The task: Only one stretch of the records below should be repeated. It starts with the line containing "x - Z x q\<bar>" and goes on through the line containing "applies a local", exactly as written.

+++++

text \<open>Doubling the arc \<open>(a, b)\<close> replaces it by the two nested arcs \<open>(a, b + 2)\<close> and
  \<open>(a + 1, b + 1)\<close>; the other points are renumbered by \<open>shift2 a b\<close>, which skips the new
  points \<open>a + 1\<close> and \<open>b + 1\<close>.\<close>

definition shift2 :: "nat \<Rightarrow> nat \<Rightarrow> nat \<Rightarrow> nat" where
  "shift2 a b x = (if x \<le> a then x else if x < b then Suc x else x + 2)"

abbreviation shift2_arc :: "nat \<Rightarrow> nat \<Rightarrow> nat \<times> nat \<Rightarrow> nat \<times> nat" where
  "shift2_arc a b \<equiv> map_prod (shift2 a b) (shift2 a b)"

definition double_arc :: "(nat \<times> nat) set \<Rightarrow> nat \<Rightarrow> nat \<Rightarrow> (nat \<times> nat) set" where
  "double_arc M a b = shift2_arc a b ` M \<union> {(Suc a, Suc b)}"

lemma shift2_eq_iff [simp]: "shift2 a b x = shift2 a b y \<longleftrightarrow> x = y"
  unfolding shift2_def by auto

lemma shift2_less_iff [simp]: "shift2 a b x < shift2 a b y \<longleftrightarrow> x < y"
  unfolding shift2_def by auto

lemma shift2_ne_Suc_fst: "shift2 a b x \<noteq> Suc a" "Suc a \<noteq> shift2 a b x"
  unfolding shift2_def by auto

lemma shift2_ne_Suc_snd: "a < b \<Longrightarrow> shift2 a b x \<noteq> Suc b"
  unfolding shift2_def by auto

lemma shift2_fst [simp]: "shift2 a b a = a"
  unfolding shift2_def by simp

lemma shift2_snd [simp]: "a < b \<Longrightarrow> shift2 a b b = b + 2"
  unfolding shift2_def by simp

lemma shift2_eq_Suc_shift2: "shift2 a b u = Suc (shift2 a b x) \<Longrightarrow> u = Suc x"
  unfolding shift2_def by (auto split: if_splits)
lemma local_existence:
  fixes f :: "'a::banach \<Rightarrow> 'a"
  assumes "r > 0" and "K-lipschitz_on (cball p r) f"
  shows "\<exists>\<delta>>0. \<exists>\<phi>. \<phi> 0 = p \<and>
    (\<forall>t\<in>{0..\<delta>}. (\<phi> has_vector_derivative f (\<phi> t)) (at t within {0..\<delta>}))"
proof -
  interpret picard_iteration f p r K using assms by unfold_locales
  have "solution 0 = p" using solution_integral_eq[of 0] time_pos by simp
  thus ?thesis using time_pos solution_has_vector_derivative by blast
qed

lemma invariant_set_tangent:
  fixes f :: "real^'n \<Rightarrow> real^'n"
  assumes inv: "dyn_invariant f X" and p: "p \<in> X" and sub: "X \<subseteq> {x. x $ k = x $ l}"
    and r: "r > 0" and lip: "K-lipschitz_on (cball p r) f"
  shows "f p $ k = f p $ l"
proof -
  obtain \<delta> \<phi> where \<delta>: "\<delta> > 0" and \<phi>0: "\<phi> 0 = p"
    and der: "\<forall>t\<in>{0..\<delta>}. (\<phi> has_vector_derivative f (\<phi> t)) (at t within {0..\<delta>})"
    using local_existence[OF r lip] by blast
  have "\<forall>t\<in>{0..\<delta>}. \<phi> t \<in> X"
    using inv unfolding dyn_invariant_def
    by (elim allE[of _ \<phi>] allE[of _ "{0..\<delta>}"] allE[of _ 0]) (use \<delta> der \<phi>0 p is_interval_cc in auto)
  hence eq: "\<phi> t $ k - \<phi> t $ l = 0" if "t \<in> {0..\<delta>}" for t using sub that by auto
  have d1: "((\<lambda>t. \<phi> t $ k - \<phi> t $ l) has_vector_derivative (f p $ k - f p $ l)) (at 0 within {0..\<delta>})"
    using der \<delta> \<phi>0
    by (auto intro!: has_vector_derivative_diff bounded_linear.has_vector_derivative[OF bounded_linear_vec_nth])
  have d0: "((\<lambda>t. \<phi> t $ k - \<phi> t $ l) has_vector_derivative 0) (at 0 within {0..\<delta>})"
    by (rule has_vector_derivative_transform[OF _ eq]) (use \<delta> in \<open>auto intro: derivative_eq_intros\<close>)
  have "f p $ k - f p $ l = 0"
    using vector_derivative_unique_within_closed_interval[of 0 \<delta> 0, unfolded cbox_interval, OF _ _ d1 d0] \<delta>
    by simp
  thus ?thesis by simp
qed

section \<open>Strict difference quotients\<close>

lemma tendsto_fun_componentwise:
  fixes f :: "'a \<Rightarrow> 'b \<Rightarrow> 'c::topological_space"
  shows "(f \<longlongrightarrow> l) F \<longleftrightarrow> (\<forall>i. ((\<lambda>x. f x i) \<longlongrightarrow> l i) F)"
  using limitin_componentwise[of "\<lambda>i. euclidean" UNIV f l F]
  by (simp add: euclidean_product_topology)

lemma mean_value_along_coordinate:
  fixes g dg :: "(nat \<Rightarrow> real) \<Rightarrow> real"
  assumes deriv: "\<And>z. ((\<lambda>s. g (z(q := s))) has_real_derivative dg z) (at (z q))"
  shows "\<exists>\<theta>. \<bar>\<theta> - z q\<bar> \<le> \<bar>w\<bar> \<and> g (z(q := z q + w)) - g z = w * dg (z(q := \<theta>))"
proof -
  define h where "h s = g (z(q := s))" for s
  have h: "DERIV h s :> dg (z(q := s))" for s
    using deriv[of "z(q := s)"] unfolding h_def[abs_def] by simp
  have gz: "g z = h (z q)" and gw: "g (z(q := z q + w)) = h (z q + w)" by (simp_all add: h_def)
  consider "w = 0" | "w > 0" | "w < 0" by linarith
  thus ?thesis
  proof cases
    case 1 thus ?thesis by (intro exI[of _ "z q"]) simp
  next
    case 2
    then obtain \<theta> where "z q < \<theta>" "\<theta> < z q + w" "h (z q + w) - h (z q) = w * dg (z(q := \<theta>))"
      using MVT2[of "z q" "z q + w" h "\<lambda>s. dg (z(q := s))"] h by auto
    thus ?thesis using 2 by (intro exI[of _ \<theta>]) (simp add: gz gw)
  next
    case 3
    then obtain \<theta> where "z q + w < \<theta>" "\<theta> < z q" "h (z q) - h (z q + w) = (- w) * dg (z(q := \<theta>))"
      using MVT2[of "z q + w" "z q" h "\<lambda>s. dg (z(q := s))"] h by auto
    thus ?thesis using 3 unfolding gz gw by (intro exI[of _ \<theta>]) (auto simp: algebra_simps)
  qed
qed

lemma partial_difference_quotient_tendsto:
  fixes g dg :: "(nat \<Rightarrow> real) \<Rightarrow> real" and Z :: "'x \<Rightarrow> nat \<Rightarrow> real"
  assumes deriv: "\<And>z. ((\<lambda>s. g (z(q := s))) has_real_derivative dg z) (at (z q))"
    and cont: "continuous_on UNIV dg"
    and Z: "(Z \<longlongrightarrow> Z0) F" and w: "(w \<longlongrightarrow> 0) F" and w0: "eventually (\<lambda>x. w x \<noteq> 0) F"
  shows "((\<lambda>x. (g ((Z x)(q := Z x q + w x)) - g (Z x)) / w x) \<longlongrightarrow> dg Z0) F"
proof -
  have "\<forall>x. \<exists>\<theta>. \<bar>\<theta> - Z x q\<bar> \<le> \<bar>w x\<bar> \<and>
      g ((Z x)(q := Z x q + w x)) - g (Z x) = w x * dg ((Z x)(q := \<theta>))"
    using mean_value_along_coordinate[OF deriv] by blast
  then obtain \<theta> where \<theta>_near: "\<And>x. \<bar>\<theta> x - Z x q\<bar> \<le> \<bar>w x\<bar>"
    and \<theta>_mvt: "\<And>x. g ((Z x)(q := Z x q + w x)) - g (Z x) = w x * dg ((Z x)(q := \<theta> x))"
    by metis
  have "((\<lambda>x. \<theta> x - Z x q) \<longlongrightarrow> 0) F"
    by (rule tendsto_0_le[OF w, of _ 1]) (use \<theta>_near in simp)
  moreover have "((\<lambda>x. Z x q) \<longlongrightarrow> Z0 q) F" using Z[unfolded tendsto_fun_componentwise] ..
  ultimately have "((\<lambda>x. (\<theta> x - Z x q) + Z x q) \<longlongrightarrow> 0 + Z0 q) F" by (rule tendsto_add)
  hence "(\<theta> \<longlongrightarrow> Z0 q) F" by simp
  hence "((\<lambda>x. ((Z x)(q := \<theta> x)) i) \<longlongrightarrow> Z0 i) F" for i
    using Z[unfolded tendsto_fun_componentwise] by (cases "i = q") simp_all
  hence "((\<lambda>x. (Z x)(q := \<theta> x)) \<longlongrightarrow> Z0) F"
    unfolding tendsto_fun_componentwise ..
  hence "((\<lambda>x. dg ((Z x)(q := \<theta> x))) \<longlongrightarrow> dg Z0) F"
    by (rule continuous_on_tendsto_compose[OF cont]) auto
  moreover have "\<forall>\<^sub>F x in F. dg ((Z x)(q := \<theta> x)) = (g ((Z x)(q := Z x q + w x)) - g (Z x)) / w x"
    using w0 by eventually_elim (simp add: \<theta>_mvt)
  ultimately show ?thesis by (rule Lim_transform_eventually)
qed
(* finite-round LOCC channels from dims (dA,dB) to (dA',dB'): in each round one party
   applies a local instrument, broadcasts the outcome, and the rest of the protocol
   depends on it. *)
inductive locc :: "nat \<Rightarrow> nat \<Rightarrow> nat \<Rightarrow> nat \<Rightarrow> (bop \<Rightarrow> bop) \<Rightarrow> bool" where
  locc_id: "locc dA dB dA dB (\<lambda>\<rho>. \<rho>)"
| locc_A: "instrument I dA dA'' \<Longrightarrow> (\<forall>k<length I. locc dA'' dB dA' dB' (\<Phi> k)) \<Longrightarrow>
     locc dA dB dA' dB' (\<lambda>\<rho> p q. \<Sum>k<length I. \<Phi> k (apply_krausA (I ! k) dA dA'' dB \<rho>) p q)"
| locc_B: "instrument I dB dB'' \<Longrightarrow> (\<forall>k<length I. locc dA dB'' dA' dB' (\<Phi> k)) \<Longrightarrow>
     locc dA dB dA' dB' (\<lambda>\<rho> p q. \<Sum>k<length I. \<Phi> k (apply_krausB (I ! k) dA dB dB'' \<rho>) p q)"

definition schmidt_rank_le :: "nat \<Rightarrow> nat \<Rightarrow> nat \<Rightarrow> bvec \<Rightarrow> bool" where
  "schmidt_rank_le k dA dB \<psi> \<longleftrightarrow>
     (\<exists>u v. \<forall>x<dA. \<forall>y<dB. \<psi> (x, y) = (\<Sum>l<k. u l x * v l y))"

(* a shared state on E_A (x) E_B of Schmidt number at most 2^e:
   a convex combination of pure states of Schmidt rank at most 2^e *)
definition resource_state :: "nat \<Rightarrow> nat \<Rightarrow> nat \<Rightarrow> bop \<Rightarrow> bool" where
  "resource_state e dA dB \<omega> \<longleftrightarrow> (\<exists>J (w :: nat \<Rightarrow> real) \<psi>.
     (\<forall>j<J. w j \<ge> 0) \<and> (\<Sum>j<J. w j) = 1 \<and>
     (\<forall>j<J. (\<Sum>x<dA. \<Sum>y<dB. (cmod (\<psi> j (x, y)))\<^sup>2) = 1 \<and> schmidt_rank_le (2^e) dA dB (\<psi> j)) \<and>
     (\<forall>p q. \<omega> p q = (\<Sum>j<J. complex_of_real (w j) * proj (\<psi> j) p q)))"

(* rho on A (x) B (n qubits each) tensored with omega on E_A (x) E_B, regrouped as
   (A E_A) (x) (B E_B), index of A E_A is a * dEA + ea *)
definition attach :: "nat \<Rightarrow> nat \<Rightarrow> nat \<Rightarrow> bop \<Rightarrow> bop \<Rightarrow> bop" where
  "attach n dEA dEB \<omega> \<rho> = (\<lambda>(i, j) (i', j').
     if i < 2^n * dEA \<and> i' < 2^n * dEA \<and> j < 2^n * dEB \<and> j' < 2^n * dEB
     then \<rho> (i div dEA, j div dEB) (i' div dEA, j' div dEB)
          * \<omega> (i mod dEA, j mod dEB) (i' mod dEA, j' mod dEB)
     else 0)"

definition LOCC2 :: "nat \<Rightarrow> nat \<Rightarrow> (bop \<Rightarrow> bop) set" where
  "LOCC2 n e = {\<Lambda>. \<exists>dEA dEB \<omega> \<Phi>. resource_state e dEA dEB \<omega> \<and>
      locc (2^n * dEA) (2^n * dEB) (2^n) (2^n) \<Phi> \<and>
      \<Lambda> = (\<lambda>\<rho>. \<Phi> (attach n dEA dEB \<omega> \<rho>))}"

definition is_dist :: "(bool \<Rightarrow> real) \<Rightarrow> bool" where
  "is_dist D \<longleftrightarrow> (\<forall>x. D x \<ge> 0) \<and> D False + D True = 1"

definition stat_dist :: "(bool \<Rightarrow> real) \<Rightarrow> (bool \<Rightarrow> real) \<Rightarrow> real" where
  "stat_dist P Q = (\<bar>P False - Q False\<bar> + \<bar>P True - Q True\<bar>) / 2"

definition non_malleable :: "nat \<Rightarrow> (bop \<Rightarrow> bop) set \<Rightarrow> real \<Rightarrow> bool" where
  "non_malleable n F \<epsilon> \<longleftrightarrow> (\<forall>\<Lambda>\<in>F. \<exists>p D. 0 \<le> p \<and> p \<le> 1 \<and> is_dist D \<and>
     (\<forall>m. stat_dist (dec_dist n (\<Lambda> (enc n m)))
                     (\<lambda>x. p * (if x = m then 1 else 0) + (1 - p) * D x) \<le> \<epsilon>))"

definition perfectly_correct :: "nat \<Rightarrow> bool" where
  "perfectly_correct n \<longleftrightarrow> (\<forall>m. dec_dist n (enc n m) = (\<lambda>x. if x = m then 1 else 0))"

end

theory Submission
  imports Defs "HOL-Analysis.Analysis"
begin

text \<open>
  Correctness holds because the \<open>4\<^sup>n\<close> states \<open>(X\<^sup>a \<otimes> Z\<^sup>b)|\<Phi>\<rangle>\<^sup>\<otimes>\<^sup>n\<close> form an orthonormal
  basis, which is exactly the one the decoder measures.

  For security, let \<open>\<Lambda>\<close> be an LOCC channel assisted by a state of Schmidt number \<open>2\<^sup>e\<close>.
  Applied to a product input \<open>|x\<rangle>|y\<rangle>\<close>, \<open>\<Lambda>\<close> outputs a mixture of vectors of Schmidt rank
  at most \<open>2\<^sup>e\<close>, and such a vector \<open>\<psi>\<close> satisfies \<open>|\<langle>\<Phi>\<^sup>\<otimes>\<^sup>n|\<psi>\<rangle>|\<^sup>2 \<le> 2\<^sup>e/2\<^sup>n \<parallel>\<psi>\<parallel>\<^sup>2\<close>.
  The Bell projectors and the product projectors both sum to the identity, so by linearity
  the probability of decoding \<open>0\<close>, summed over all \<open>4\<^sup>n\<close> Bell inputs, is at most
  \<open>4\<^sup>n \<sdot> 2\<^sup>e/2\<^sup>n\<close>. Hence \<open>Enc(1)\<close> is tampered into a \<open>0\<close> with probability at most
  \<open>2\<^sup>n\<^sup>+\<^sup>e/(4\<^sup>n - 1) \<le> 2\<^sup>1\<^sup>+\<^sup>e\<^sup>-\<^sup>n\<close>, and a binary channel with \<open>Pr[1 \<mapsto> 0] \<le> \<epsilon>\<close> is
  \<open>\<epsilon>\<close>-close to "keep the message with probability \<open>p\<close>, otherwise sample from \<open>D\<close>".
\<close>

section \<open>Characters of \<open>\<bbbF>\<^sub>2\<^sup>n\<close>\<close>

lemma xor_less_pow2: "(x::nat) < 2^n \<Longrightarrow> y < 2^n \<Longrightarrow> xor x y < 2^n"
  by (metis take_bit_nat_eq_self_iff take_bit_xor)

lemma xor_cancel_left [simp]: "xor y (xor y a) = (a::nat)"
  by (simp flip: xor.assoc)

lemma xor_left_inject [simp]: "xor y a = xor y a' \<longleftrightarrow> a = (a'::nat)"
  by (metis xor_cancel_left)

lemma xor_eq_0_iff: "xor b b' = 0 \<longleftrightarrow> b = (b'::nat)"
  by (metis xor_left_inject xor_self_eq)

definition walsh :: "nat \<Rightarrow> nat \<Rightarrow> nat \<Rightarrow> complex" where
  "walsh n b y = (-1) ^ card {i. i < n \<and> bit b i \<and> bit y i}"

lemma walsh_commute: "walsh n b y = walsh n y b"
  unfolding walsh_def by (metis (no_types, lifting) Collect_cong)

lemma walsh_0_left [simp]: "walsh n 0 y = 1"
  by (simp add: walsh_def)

+++++

Response area:
  then obtain \<theta> where \<theta>_near: "\<And>x. \<bar>\<theta> x - Z x q\<bar> \<le> \<bar>w x\<bar>"
    and \<theta>_mvt: "\<And>x. g ((Z x)(q := Z x q + w x)) - g (Z x) = w x * dg ((Z x)(q := \<theta> x))"
    by metis
  have "((\<lambda>x. \<theta> x - Z x q) \<longlongrightarrow> 0) F"
    by (rule tendsto_0_le[OF w, of _ 1]) (use \<theta>_near in simp)
  moreover have "((\<lambda>x. Z x q) \<longlongrightarrow> Z0 q) F" using Z[unfolded tendsto_fun_componentwise] ..
  ultimately have "((\<lambda>x. (\<theta> x - Z x q) + Z x q) \<longlongrightarrow> 0 + Z0 q) F" by (rule tendsto_add)
  hence "(\<theta> \<longlongrightarrow> Z0 q) F" by simp
  hence "((\<lambda>x. ((Z x)(q := \<theta> x)) i) \<longlongrightarrow> Z0 i) F" for i
    using Z[unfolded tendsto_fun_componentwise] by (cases "i = q") simp_all
  hence "((\<lambda>x. (Z x)(q := \<theta> x)) \<longlongrightarrow> Z0) F"
    unfolding tendsto_fun_componentwise ..
  hence "((\<lambda>x. dg ((Z x)(q := \<theta> x))) \<longlongrightarrow> dg Z0) F"
    by (rule continuous_on_tendsto_compose[OF cont]) auto
  moreover have "\<forall>\<^sub>F x in F. dg ((Z x)(q := \<theta> x)) = (g ((Z x)(q := Z x q + w x)) - g (Z x)) / w x"
    using w0 by eventually_elim (simp add: \<theta>_mvt)
  ultimately show ?thesis by (rule Lim_transform_eventually)
qed
(* finite-round LOCC channels from dims (dA,dB) to (dA',dB'): in each round one party
   applies a local instrument, broadcasts the outcome, and the rest of the protocol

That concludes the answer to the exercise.